Que Dieu me soit en aide.
[8] La plume d’aigle ne change rien à mon serment judiciaire; elle informe de ce serment. La plume d’aigle me rappelle, du point de vue autochtone, un point de vue discuté par le juge en chef Lamer dans Delgamuukw c Colombie‑Britannique, [1997] 3 RCS 1010, aux paragraphes 148 à 150, que les juges doivent garder à l’esprit au moment de traiter de questions de droits ancestraux. Une telle perspective est appropriée en l’espèce étant donné que l’action présente soulève une question très importante concernant les droits des enfants indiens et de leur appartenance à une Première Nation.

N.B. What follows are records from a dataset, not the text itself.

(* Let $d\ge 2$ and consider a translation-invariant, nearest-neighbor, frustration free quantum spin chain on $\mathbb{Z}$ with single-site spaces $\mathcal{H}_x=\mathbb{C}^d$, a fixed positive two-site interaction $h(x,x+1)\ge 0$, and local Hamiltonians $H(c,d)=\sum_{x=c}^{d-1}h(x,x+1)$ (notation as in the context). Suppose that $\varepsilon_{m,n}<1/2$ for some integers $n\ge m\ge 1$. Let $N\ge 2$ and $\psi\in\mathcal{G}(1,N)^\perp\subset \mathcal{H}_{[1,N]}$, and define $$\psi_1=(1-G(1,N-n))\psi,\qquad \psi_2=G(1,N-n)\psi,$$ so that $\psi=\psi_1+\psi_2$ (if $N\le n+1$, then $\psi_1=0$ and $\psi_2=\psi$). Then $$\langle\psi, H(1,N)\psi\rangle\ \ge\ \gamma_{m+n}\big(\alpha(\varepsilon_{m,n})\|\psi_1\|^2+\beta(\varepsilon_{m,n})\|\psi_2\|^2\big),$$ where $\alpha(\varepsilon)=(\sqrt{1-\varepsilon}-\sqrt{\varepsilon})^2$ and $\beta(\varepsilon)=\sqrt{1-\varepsilon}\,(\sqrt{1-\varepsilon}-\sqrt{\varepsilon})$.
   Context: Setting: for each $x\in\mathbb{Z}$, $\mathcal{H}_x=\mathbb{C}^d$, and for a finite $\Lambda\subset\mathbb{Z}$, $\mathcal{H}_\Lambda=\bigotimes_{x\in\Lambda}\mathcal{H}_x$. A fixed positive operator $h$ on $\mathbb{C}^d\otimes\mathbb{C}^d$ gives $h(x,x+1)$ acting on sites $x,x+1$. For integers $c\le d$, $H(c,d)=\sum_{x=c}^{d-1}h(x,x+1)$, viewed as an operator on $\mathcal{H}_\Lambda$ for any interval $\Lambda\supset[c,d]$ (tensored with the identity elsewhere); $H(c,c)=0$. Frustration free means $\mathcal{G}(c,d):=\operatorname{Ker}H(c,d)\ne\{0\}$ for every interval $[c,d]$. $G(c,d)$ denotes the orthogonal projection onto $\mathcal{G}(c,d)$ (so $G(c,c)=1$; and by convention $G(1,k)=1$ for $k\le 1$). For $c<d$, the spectral gap $\gamma(c,d)$ is the largest number with $H(c,d)\ge\gamma(c,d)(1-G(c,d))$; it depends only on $d-c+1$. Set $\gamma_N=\min_{2\le k\le N}\gamma(1,k)$. For $m,n\ge 1$, on any $\mathcal{H}_{[a,b]}$ with $a\le -m$, $b\ge n$, define $$\varepsilon(m,n)=\sup\{\langle\psi,G(0,n)\psi\rangle:\ \psi\in\mathcal{G}(-m,0),\ \psi\in\mathcal{G}(-m,n)^\perp,\ \|\psi\|=1\},$$ (independent of $a,b$ and translation invariant), and $\varepsilon_{m,n}=\sup_{m'\ge m}\varepsilon(m',n)$. *)

theory Defs
  imports Complex_Main
begin

text \<open>Spin chain with single-site space C^D (D = the paper's d).
  A basis vector of H_[a,b] is a configuration sigma :: int => nat with sigma x < D
  for x in [a,b] and sigma x = 0 outside [a,b]. Vectors of H_[a,b] are complex
  functions on configurations vanishing outside this finite set.\<close>

type_synonym cfg = "int \<Rightarrow> nat"
type_synonym vec = "cfg \<Rightarrow> complex"

definition cfgs :: "nat \<Rightarrow> int \<Rightarrow> int \<Rightarrow> cfg set" where
  "cfgs D a b = {\<sigma>. (\<forall>x. a \<le> x \<and> x \<le> b \<longrightarrow> \<sigma> x < D) \<and> (\<forall>x. \<not> (a \<le> x \<and> x \<le> b) \<longrightarrow> \<sigma> x = 0)}"

definition vecs :: "nat \<Rightarrow> int \<Rightarrow> int \<Rightarrow> vec set" where
  "vecs D a b = {f. \<forall>\<sigma>. \<sigma> \<notin> cfgs D a b \<longrightarrow> f \<sigma> = 0}"

definition inner_sp :: "nat \<Rightarrow> int \<Rightarrow> int \<Rightarrow> vec \<Rightarrow> vec \<Rightarrow> complex" where
  "inner_sp D a b f g = (\<Sum>\<sigma>\<in>cfgs D a b. cnj (f \<sigma>) * g \<sigma>)"

definition norm_sp :: "nat \<Rightarrow> int \<Rightarrow> int \<Rightarrow> vec \<Rightarrow> real" where
  "norm_sp D a b f = sqrt (Re (inner_sp D a b f f))"

text \<open>The two-site interaction h on C^D (x) C^D is given by its matrix
  hm i j k l = < e_i (x) e_j , h (e_k (x) e_l) >, for i,j,k,l < D.
  h is a positive operator: <v, h v> is real and nonnegative for every v.\<close>

definition positive_int :: "nat \<Rightarrow> (nat \<Rightarrow> nat \<Rightarrow> nat \<Rightarrow> nat \<Rightarrow> complex) \<Rightarrow> bool" where
  "positive_int D hm = (\<forall>v :: nat \<Rightarrow> nat \<Rightarrow> complex.
     let q = (\<Sum>i<D. \<Sum>j<D. \<Sum>k<D. \<Sum>l<D. cnj (v i j) * hm i j k l * v k l)
     in Im q = 0 \<and> Re q \<ge> 0)"

definition bond :: "nat \<Rightarrow> (nat \<Rightarrow> nat \<Rightarrow> nat \<Rightarrow> nat \<Rightarrow> complex) \<Rightarrow> int \<Rightarrow> int \<Rightarrow> int \<Rightarrow> vec \<Rightarrow> vec" where
  "bond D hm a b x f = (\<lambda>\<sigma>. if \<sigma> \<in> cfgs D a b then
      (\<Sum>k<D. \<Sum>l<D. hm (\<sigma> x) (\<sigma> (x+1)) k l * f (\<sigma>(x := k, x+1 := l))) else 0)"

definition Ham :: "nat \<Rightarrow> (nat \<Rightarrow> nat \<Rightarrow> nat \<Rightarrow> nat \<Rightarrow> complex) \<Rightarrow> int \<Rightarrow> int \<Rightarrow> int \<Rightarrow> int \<Rightarrow> vec \<Rightarrow> vec" where
  "Ham D hm a b c e f = (\<lambda>\<sigma>. \<Sum>x\<in>{c..<e}. bond D hm a b x f \<sigma>)"

definition gs :: "nat \<Rightarrow> (nat \<Rightarrow> nat \<Rightarrow> nat \<Rightarrow> nat \<Rightarrow> complex) \<Rightarrow> int \<Rightarrow> int \<Rightarrow> int \<Rightarrow> int \<Rightarrow> vec set" where
  "gs D hm a b c e = {f \<in> vecs D a b. Ham D hm a b c e f = (\<lambda>_. 0)}"

definition proj :: "nat \<Rightarrow> int \<Rightarrow> int \<Rightarrow> vec set \<Rightarrow> vec \<Rightarrow> vec" where
  "proj D a b S f = (THE g. g \<in> S \<and> (\<forall>u\<in>S. inner_sp D a b u (\<lambda>\<sigma>. f \<sigma> - g \<sigma>) = 0))"

text \<open>G(c,e) as projection on H_[a,b].  For e <= c, H(c,e) = 0 so G(c,e) = 1,
  matching the conventions G(c,c) = 1 and G(1,k) = 1 for k <= 1.\<close>
definition Gp :: "nat \<Rightarrow> (nat \<Rightarrow> nat \<Rightarrow> nat \<Rightarrow> nat \<Rightarrow> complex) \<Rightarrow> int \<Rightarrow> int \<Rightarrow> int \<Rightarrow> int \<Rightarrow> vec \<Rightarrow> vec" where
  "Gp D hm a b c e = proj D a b (gs D hm a b c e)"

definition frustration_free :: "nat \<Rightarrow> (nat \<Rightarrow> nat \<Rightarrow> nat \<Rightarrow> nat \<Rightarrow> complex) \<Rightarrow> bool" where
  "frustration_free D hm = (\<forall>c e. c \<le> e \<longrightarrow> gs D hm c e c e \<noteq> {\<lambda>_. 0})"

definition gap :: "nat \<Rightarrow> (nat \<Rightarrow> nat \<Rightarrow> nat \<Rightarrow> nat \<Rightarrow> complex) \<Rightarrow> int \<Rightarrow> int \<Rightarrow> real" where
  "gap D hm c e = Sup {g. \<forall>f\<in>vecs D c e.
      g * Re (inner_sp D c e f (\<lambda>\<sigma>. f \<sigma> - Gp D hm c e c e f \<sigma>))
        \<le> Re (inner_sp D c e f (Ham D hm c e c e f))}"

definition gapN :: "nat \<Rightarrow> (nat \<Rightarrow> nat \<Rightarrow> nat \<Rightarrow> nat \<Rightarrow> complex) \<Rightarrow> int \<Rightarrow> real" where
  "gapN D hm N = Min ((\<lambda>k. gap D hm 1 k) ` {2..N})"

text \<open>epsilon(m,n), computed on H_[-m,n] (sup of the empty set taken as 0).\<close>
definition eps :: "nat \<Rightarrow> (nat \<Rightarrow> nat \<Rightarrow> nat \<Rightarrow> nat \<Rightarrow> complex) \<Rightarrow> int \<Rightarrow> int \<Rightarrow> real" where
  "eps D hm m n = Sup (insert 0
     {Re (inner_sp D (-m) n \<psi> (Gp D hm (-m) n 0 n \<psi>)) | \<psi>.
        \<psi> \<in> gs D hm (-m) n (-m) 0 \<and>
        (\<forall>u\<in>gs D hm (-m) n (-m) n. inner_sp D (-m) n u \<psi> = 0) \<and>
        norm_sp D (-m) n \<psi> = 1})"

definition eps_mn :: "nat \<Rightarrow> (nat \<Rightarrow> nat \<Rightarrow> nat \<Rightarrow> nat \<Rightarrow> complex) \<Rightarrow> int \<Rightarrow> int \<Rightarrow> real" where
  "eps_mn D hm m n = Sup {eps D hm m' n | m'. m' \<ge> m}"

definition alpha :: "real \<Rightarrow> real" where
  "alpha e = (sqrt (1 - e) - sqrt e)^2"

definition beta :: "real \<Rightarrow> real" where
  "beta e = sqrt (1 - e) * (sqrt (1 - e) - sqrt e)"

end

theory Submission
  imports Defs "HOL-Library.Function_Algebras" "HOL-Library.FuncSet" "HOL-Analysis.L2_Norm"
begin

text \<open>Induction on the chain length \<open>N\<close>. Write \<open>\<psi> = \<psi>\<^sub>1 + \<psi>\<^sub>2\<close> with \<open>\<psi>\<^sub>2 = G(1,N-n) \<psi>\<close>. As
  \<open>H(1,N-n) \<psi>\<^sub>2 = 0\<close>, the energy splits into \<open>\<langle>\<psi>\<^sub>1, H(1,N-n) \<psi>\<^sub>1\<rangle>\<close>, bounded by the induction
  hypothesis for \<open>\<psi>\<^sub>1 \<perp> \<G>(1,N-n)\<close>, and \<open>\<langle>\<psi>, H(N-n,N) \<psi>\<rangle> \<ge> \<gamma> \<parallel>(1 - G(N-n,N)) \<psi>\<parallel>\<^sup>2\<close>, the gap
  of a block of length \<open>n + 1\<close>. What remains is geometry: the projection \<open>G(1,N-2n)\<close> commutes
  with \<open>G(N-n,N)\<close> and fixes \<open>\<psi>\<^sub>2\<close>, which reduces everything to two orthogonal vectors
  \<open>\<phi>\<^sub>1 = G(1,N-2n) \<psi>\<^sub>1\<close> and \<open>\<phi>\<^sub>2 = \<psi>\<^sub>2\<close>, where \<open>\<parallel>G(N-n,N) \<phi>\<^sub>2\<parallel>\<^sup>2 \<le> \<epsilon> \<parallel>\<phi>\<^sub>2\<parallel>\<^sup>2\<close> by the definition
  of \<open>\<epsilon>\<close> (after translating the chain and slicing off the sites beyond \<open>N\<close>). An
  elementary estimate in the plane, with \<open>cos \<theta> = \<surd>(1 - \<epsilon>)\<close> and \<open>sin \<theta> = \<surd>\<epsilon>\<close>, yields the
  weights \<open>\<alpha>(\<epsilon>)\<close> and \<open>\<beta>(\<epsilon>)\<close>. Chains with \<open>N \<le> m + n\<close> are covered by the gap \<open>\<gamma>\<close> directly.\<close>

section \<open>Inner product geometry of \<open>H_[a,b]\<close>\<close>

definition vscale :: "complex \<Rightarrow> vec \<Rightarrow> vec" where
  "vscale c f = (\<lambda>\<sigma>. c * f \<sigma>)"

definition sqnorm :: "nat \<Rightarrow> int \<Rightarrow> int \<Rightarrow> vec \<Rightarrow> real" where
  "sqnorm D a b f = Re (inner_sp D a b f f)"

lemma finite_cfgs: "finite (cfgs D a b)"
proof -
  have "cfgs D a b \<subseteq> (\<lambda>g x. if a \<le> x \<and> x \<le> b then g x else 0) ` ({a..b} \<rightarrow>\<^sub>E {..<D})"
  proof
    fix \<sigma> assume "\<sigma> \<in> cfgs D a b"
    then show "\<sigma> \<in> (\<lambda>g x. if a \<le> x \<and> x \<le> b then g x else 0) ` ({a..b} \<rightarrow>\<^sub>E {..<D})"
      by (intro image_eqI[where x = "restrict \<sigma> {a..b}"]) (auto simp: cfgs_def)
  qed
  moreover have "finite ({a..b} \<rightarrow>\<^sub>E {..<D::nat})"
    by (rule finite_PiE) auto
  ultimately show ?thesis
    by (meson finite_imageI finite_subset)
qed

lemma inner_sp_add_right: "inner_sp D a b f (g + h) = inner_sp D a b f g + inner_sp D a b f h"
  by (simp add: inner_sp_def sum.distrib distrib_left)

lemma inner_sp_add_left: "inner_sp D a b (f + g) h = inner_sp D a b f h + inner_sp D a b g h"
  by (simp add: inner_sp_def sum.distrib distrib_right)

[9] Je suis également conscient des Principes de déontologie judiciaire du Conseil canadien de la magistrature, lesquels offrent un guide selon lequel « Le juge ne devrait pas entendre d’affaires dans lesquelles lui‑même […] [a] agi directement, soit à titre de procureur inscrit au dossier, soit à un autre titre, avant sa nomination. »
[10] Enfin, la Cour suprême dans Wewaykum a reconnu que les juges sont souvent guidés par des raisons autres que l’exclusion en décidant de se récuser. Voici ce que la Cour a dit :
[…] On ne peut cependant faire abstraction, dans les spéculations sur la façon dont les juges réagissent lorsque la question de la récusation est soulevée au début de l’instance, de la prudence extrême qui guide bon nombre de juges, sinon la plupart d’entre eux, à ce stade précoce. Cette prudence produit des résultats qui pourraient ne pas être requis par l’application objective de la norme de la crainte raisonnable de partialité. À cet égard, il est fort possible que des juges se soient récusés dans des affaires où, à proprement parler, ils n’étaient pas légalement tenus de le faire […]
[11] L’autre considération est le besoin de faire l’économie de ressources judiciaires et d’éviter le retard et les frais de la requête en exclusion. Cette considération me ramène à la plume d’aigle. Le point de vue autochtone est global, prenant compte de la vue complète comme le fait l’aigle en plein vol. Ce ne sont pas seulement les ressources judiciaires qui sont touchées par le détournement d’une requête en exclusion; il s’agit aussi des ressources des parties.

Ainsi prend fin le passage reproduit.